In a brief statement from the White House this evening, President Barack Obama tried to get ahead of the IRS scandal by laying out a three-point plan for punishment and prevention of any similar future incidents.
The misconduct outlined by a report detailing the specifics of IRS agents targeting conservative groups for extra scrutiny was inexcusable, the president said. “Americans are right to be angry about it,” he said. “I’m angry about it. I will not tolerate this behavior in any government agency, but especially in the IRS … given the reach it has into all our lives.”
An IRS official apologized on Friday for targeting Tea Party-affiliated groups but said the incident was limited to a few organizations and a few rogue IRS agents.
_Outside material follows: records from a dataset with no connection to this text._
lemma grad_diff_le:
  assumes "norm (\<theta> t - \<theta> 0) \<le> R"
  shows "norm (grad t - grad_lin t) \<le> norm (res_lin t - res t) + 3/2 * \<epsilon> * norm (res t)"
proof -
  let ?q = "transpose A *v res t"
  have split: "grad t - grad_lin t = transpose J *v (transpose A *v (res t - res_lin t))
      + transpose (Jf (\<theta> t) - Jf (\<theta> 0)) *v ?q + transpose (Jf (\<theta> 0) - J) *v ?q"
    unfolding grad_def grad_lin_def by (simp add: algebra_simps)
  have "norm (transpose J *v (transpose A *v (res t - res_lin t))) \<le> norm (transpose A *v (res t - res_lin t))"
    using J_le by (rule norm_transpose_mult_vec_le_norm)
  also have "\<dots> \<le> norm (res t - res_lin t)"
    using A_le by (rule norm_transpose_mult_vec_le_norm)
  finally have "norm (transpose J *v (transpose A *v (res t - res_lin t))) \<le> norm (res_lin t - res t)"
    by (simp add: norm_minus_commute)
  moreover have "norm (transpose (Jf (\<theta> t) - Jf (\<theta> 0)) *v ?q) \<le> \<epsilon>/2 * norm ?q"
    using Jf_local[OF assms] by (rule norm_transpose_mult_vec_le)
  moreover have "norm (transpose (Jf (\<theta> 0) - J) *v ?q) \<le> \<epsilon> * norm ?q"
    using Jf0_close by (rule norm_transpose_mult_vec_le)
  ultimately have "norm (grad t - grad_lin t) \<le> norm (res_lin t - res t) + \<epsilon>/2 * norm ?q + \<epsilon> * norm ?q"
    unfolding split by (intro norm_triangle_mono)
  moreover have "3/2 * \<epsilon> * norm ?q \<le> 3/2 * \<epsilon> * norm (res t)"
    using norm_transpose_mult_vec_le_norm[OF A_le, of "res t"] eps_pos by (intro mult_left_mono) simp_all
  ultimately show ?thesis by linarith
qed

lemma norm_res_Suc_sq_le:
  assumes "norm (\<theta> t - \<theta> 0) \<le> R" "norm (\<theta> (Suc t) - \<theta> 0) \<le> R"
  shows "norm (res (Suc t)) ^ 2 \<le> (1 + \<epsilon>\<^sup>2) * norm (res t) ^ 2"
proof -
  let ?k = "A *v (Jf (\<theta> t) *v grad t)"
  have res_Suc: "res (Suc t) = res t + A *v (f (\<theta> (Suc t)) - f (\<theta> t))"
    unfolding res_def by (simp add: matrix_vector_mult_diff_distrib)
  show ?thesis
    unfolding res_Suc
  proof (rule norm_add_sq_le_of_inner_eq)
    have "norm (A *v (f (\<theta> (Suc t)) - f (\<theta> t))) \<le> norm (f (\<theta> (Suc t)) - f (\<theta> t))"
      using A_le by (rule norm_mult_vec_le_norm)
    also have "\<dots> \<le> norm (grad t)"
      using f_lipschitz[of "\<theta> (Suc t)" "\<theta> t"] by (simp add: theta_Suc)
    finally show "norm (A *v (f (\<theta> (Suc t)) - f (\<theta> t))) \<le> norm (grad t)" .
    show "A *v (f (\<theta> (Suc t)) - f (\<theta> t))
        = A *v (f (\<theta> (Suc t)) - f (\<theta> t) + Jf (\<theta> t) *v grad t) - ?k"
      by (simp add: matrix_vector_right_distrib)
    show "inner (res t) ?k = norm (grad t) ^ 2"
      by (simp add: grad_def power2_norm_eq_inner dot_lmul_matrix[symmetric])
    show "norm (A *v (f (\<theta> (Suc t)) - f (\<theta> t) + Jf (\<theta> t) *v grad t)) \<le> \<epsilon> * norm (grad t)"
      using norm_mult_vec_le_norm[OF A_le] linearization_error_le[OF assms] by (rule order_trans)
  qed (use eps_pos in simp)
qed

lemma res_diff_Suc_le:
  assumes "norm (\<theta> t - \<theta> 0) \<le> R" "norm (\<theta> (Suc t) - \<theta> 0) \<le> R"
  shows "norm (res_lin (Suc t) - res (Suc t)) \<le> norm (res_lin t - res t) + 3 * \<epsilon> * norm (res t)"
proof -
  let ?e = "res_lin t - res t"
  let ?q = "transpose A *v res t"
  let ?Jt = "Jf (\<theta> t)"
  let ?gram_diff = "?Jt *v (transpose ?Jt *v ?q) - J *v (transpose J *v ?q)"
  define lin_err where "lin_err = A *v (f (\<theta> (Suc t)) - f (\<theta> t) + ?Jt *v grad t)"
  have "res (Suc t) = res t + lin_err - A *v (?Jt *v grad t)"
    unfolding res_def lin_err_def by (simp add: algebra_simps)
  then have split: "res_lin (Suc t) - res (Suc t)
      = (?e - A *v (J *v (transpose J *v (transpose A *v ?e)))) + A *v ?gram_diff - lin_err"
    unfolding res_lin_Suc grad_lin_def grad_def by (simp add: algebra_simps)
  have "norm (?e - A *v (J *v (transpose J *v (transpose A *v ?e)))) ^ 2 \<le> norm ?e ^ 2"
    using norm_gd_step_sq_le[OF A_le J_le, of ?e]
      zero_le_power2[of "norm (transpose J *v (transpose A *v ?e))"] by linarith
  then have "norm (?e - A *v (J *v (transpose J *v (transpose A *v ?e)))) \<le> norm ?e"
    by (rule power2_le_imp_le) simp
  moreover have "norm (A *v ?gram_diff) \<le> 2 * \<epsilon> * norm (res t)"
  proof -
    have "norm (A *v ?gram_diff) \<le> norm ?gram_diff"
      using A_le by (rule norm_mult_vec_le_norm)
    also have "\<dots> \<le> (2 * (\<epsilon> / 2) + \<epsilon>\<^sup>2) * norm ?q"
      using Jf_le Jf_le Jf_local[OF assms(1)] gram_close by (rule norm_gram_diff_le)
    also have "\<dots> \<le> 2 * \<epsilon> * norm (res t)"
      using eps_pos eps_le norm_transpose_mult_vec_le_norm[OF A_le, of "res t"]
      by (intro mult_mono) (simp_all add: power2_eq_square mult_left_le)
    finally show ?thesis .
  qed
  moreover have "norm lin_err \<le> \<epsilon> * norm (res t)"
  proof -
    have "norm lin_err \<le> norm (f (\<theta> (Suc t)) - f (\<theta> t) + ?Jt *v grad t)"
      unfolding lin_err_def using A_le by (rule norm_mult_vec_le_norm)
    also have "\<dots> \<le> \<epsilon> * norm (grad t)"
      using assms by (rule linearization_error_le)
    also have "\<dots> \<le> \<epsilon> * norm (res t)"
      using eps_pos norm_grad_le by (intro mult_left_mono) simp_all
    finally show ?thesis .
  qed
  ultimately show ?thesis
    unfolding split
    using norm_triangle_ineq4[of "(?e - A *v (J *v (transpose J *v (transpose A *v ?e)))) + A *v ?gram_diff" lin_err]
      norm_triangle_ineq[of "?e - A *v (J *v (transpose J *v (transpose A *v ?e)))" "A *v ?gram_diff"]
    by linarith
qed

text \<open>The last conjunct is what keeps \<open>\<parallel>r\<^sub>\<tau>\<parallel> \<le> 4/3 \<parallel>r\<^sub>0\<parallel>\<close> along the induction.\<close>

definition bounds_at :: "nat \<Rightarrow> bool" where
  "bounds_at t \<longleftrightarrow> norm (\<theta> t - \<theta> 0) \<le> R / 2
     \<and> norm (res_lin t - res t) \<le> 4 * \<epsilon> * real t * norm (res 0)
     \<and> norm (\<theta>t t - \<theta> t) \<le> 2 * \<epsilon> * (real t)\<^sup>2 * norm (res 0)
     \<and> norm (res t) ^ 2 \<le> (1 + \<epsilon>\<^sup>2) ^ t * norm (res 0) ^ 2"

lemma norm_res_le_of_growth:
  assumes T_le: "real T \<le> 1 / (2 * \<epsilon>\<^sup>2)" and "t \<le> T"
    and growth: "norm (res t) ^ 2 \<le> (1 + \<epsilon>\<^sup>2) ^ t * norm (res 0) ^ 2"
  shows "norm (res t) \<le> 4/3 * norm (res 0)"
proof (rule power2_le_imp_le)
  have "real t * \<epsilon>\<^sup>2 \<le> real T * \<epsilon>\<^sup>2"
    using \<open>t \<le> T\<close> by (intro mult_right_mono) simp_all
  also have "\<dots> \<le> 1/2"
    using T_le eps_pos by (simp add: le_divide_eq mult.commute)
  finally have "(1 + \<epsilon>\<^sup>2) ^ t \<le> 16/9"
    by (intro one_plus_power_le) simp_all
  then have "norm (res t) ^ 2 \<le> 16/9 * norm (res 0) ^ 2"
    using growth mult_right_mono[of "(1 + \<epsilon>\<^sup>2) ^ t" "16/9" "norm (res 0) ^ 2"] by simp
  also have "\<dots> = (4/3 * norm (res 0)) ^ 2"
    by (simp add: power2_eq_square)
  finally show "norm (res t) ^ 2 \<le> (4/3 * norm (res 0)) ^ 2" .
qed simp

lemma theta_gap_Suc_le:
  assumes "norm (\<theta> t - \<theta> 0) \<le> R"
    and "norm (res_lin t - res t) \<le> 4 * \<epsilon> * real t * norm (res 0)"
    and "norm (\<theta>t t - \<theta> t) \<le> 2 * \<epsilon> * (real t)\<^sup>2 * norm (res 0)"
    and "norm (res t) \<le> 4/3 * norm (res 0)"
  shows "norm (\<theta>t (Suc t) - \<theta> (Suc t)) \<le> 2 * \<epsilon> * (real (Suc t))\<^sup>2 * norm (res 0)"
proof -
  let ?r0 = "norm (res 0)"
  have "3/2 * \<epsilon> * norm (res t) \<le> 3/2 * \<epsilon> * (4/3 * ?r0)"
    using assms(4) eps_pos by (intro mult_left_mono) simp_all
  then have "norm (grad t - grad_lin t) \<le> 4 * \<epsilon> * real t * ?r0 + 2 * \<epsilon> * ?r0"
    using grad_diff_le[OF assms(1)] assms(2) by simp
  then have "norm (\<theta>t (Suc t) - \<theta> (Suc t))
      \<le> 2 * \<epsilon> * (real t)\<^sup>2 * ?r0 + (4 * \<epsilon> * real t * ?r0 + 2 * \<epsilon> * ?r0)"
    unfolding theta_lin_Suc theta_Suc
    using norm_triangle_ineq[of "\<theta>t t - \<theta> t" "grad t - grad_lin t"] assms(3)
    by (simp add: algebra_simps)
  also have "\<dots> = 2 * \<epsilon> * (real (Suc t))\<^sup>2 * ?r0"
    by (simp add: power2_eq_square algebra_simps)
  finally show ?thesis .
qed

lemma bounds_at_Suc:
  assumes T_le: "real T \<le> 1 / (2 * \<epsilon>\<^sup>2)"
    and R_ge: "R \<ge> 2 * norm (res 0) * (sqrt (real T) + 2 * \<epsilon> * (real T)\<^sup>2)"
    and "Suc t \<le> T" "bounds_at t"
  shows "bounds_at (Suc t)"
proof -
  let ?r0 = "norm (res 0)"
  have theta_t: "norm (\<theta> t - \<theta> 0) \<le> R / 2"
    and err_t: "norm (res_lin t - res t) \<le> 4 * \<epsilon> * real t * ?r0"
    and dist_t: "norm (\<theta>t t - \<theta> t) \<le> 2 * \<epsilon> * (real t)\<^sup>2 * ?r0"
    and growth_t: "norm (res t) ^ 2 \<le> (1 + \<epsilon>\<^sup>2) ^ t * ?r0 ^ 2"
    using \<open>bounds_at t\<close> unfolding bounds_at_def by auto
  have res_t: "norm (res t) \<le> 4/3 * ?r0"
    using T_le _ growth_t by (rule norm_res_le_of_growth) (use \<open>Suc t \<le> T\<close> in simp)
  have theta_t_R: "norm (\<theta> t - \<theta> 0) \<le> R"
    using theta_t R_pos by simp
  have dist_Suc: "norm (\<theta>t (Suc t) - \<theta> (Suc t)) \<le> 2 * \<epsilon> * (real (Suc t))\<^sup>2 * ?r0"
    using theta_t_R err_t dist_t res_t by (rule theta_gap_Suc_le)
  have "norm (\<theta> (Suc t) - \<theta> 0) \<le> norm (\<theta>t (Suc t) - \<theta> 0) + norm (\<theta>t (Suc t) - \<theta> (Suc t))"
    using norm_triangle_ineq4[of "\<theta>t (Suc t) - \<theta> 0" "\<theta>t (Suc t) - \<theta> (Suc t)"] by simp
  also have "\<dots> \<le> sqrt (real (Suc t)) * ?r0 + 2 * \<epsilon> * (real (Suc t))\<^sup>2 * ?r0"
    using theta_lin_dist_le dist_Suc by (rule add_mono)
  also have "\<dots> \<le> R / 2"
    using eps_pos \<open>Suc t \<le> T\<close> R_ge by (intro radius_budget) simp_all
  finally have theta_Suc_R2: "norm (\<theta> (Suc t) - \<theta> 0) \<le> R / 2" .
  then have theta_Suc_R: "norm (\<theta> (Suc t) - \<theta> 0) \<le> R"
    using R_pos by simp
  have "norm (res (Suc t)) ^ 2 \<le> (1 + \<epsilon>\<^sup>2) ^ Suc t * ?r0 ^ 2"
    using norm_res_Suc_sq_le[OF theta_t_R theta_Suc_R] mult_left_mono[OF growth_t, of "1 + \<epsilon>\<^sup>2"]
    by (simp add: mult.assoc)
  moreover have "3 * \<epsilon> * norm (res t) \<le> 3 * \<epsilon> * (4/3 * ?r0)"
    using res_t eps_pos by (intro mult_left_mono) simp_all
  then have "norm (res_lin (Suc t) - res (Suc t)) \<le> 4 * \<epsilon> * real (Suc t) * ?r0"
    using res_diff_Suc_le[OF theta_t_R theta_Suc_R] err_t by (simp add: algebra_simps)
  ultimately show ?thesis
    unfolding bounds_at_def using theta_Suc_R2 dist_Suc by blast
qed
But as more information emerged, it became clear other conservative groups were targeted and agency administrators knew about the situation last year.
President Obama announced today he had requested and accepted the resignation of the agency’s acting commissioner, Steve Miller, who knew agents were singling out conservative groups as early as May 2012 but never said anything about it.
“The law should be applied in a fair and impartial way,” the president said. “That’s what I expect. That’s what the American people deserve. And that’s what we’re going to do.”
President Obama said he would seek bipartisan support from Congress as it performs its oversight role, “in a way that doesn’t smack of partisan politics.”
Speaking on CNN shortly after the president’s statement, Rep. Darrell Issa, R-Calif., said he expected the White House to find willing partners on Capitol Hill, where members of Congress have vowed to do bipartisan work on the issue.
“What’s happened wrong today could happen wrong tomorrow to a different group,” Issa said.
Conservative political groups apparently were not the only ones targeted by the IRS. Franklin Graham, who heads up the Billy Graham Evangelistic Association and Samaritan’s Purse, said both ministries had been singled out last year by the government agency after the Billy Graham ministry placed ads in newspapers supporting a vote last May on a constitutional amendment in North Carolina that recognized marriage as only being between a man and a woman.
“I do not believe the IRS audits of our two organizations last year is a coincidence—or justifiable,” Graham wrote in a letter to President Obama.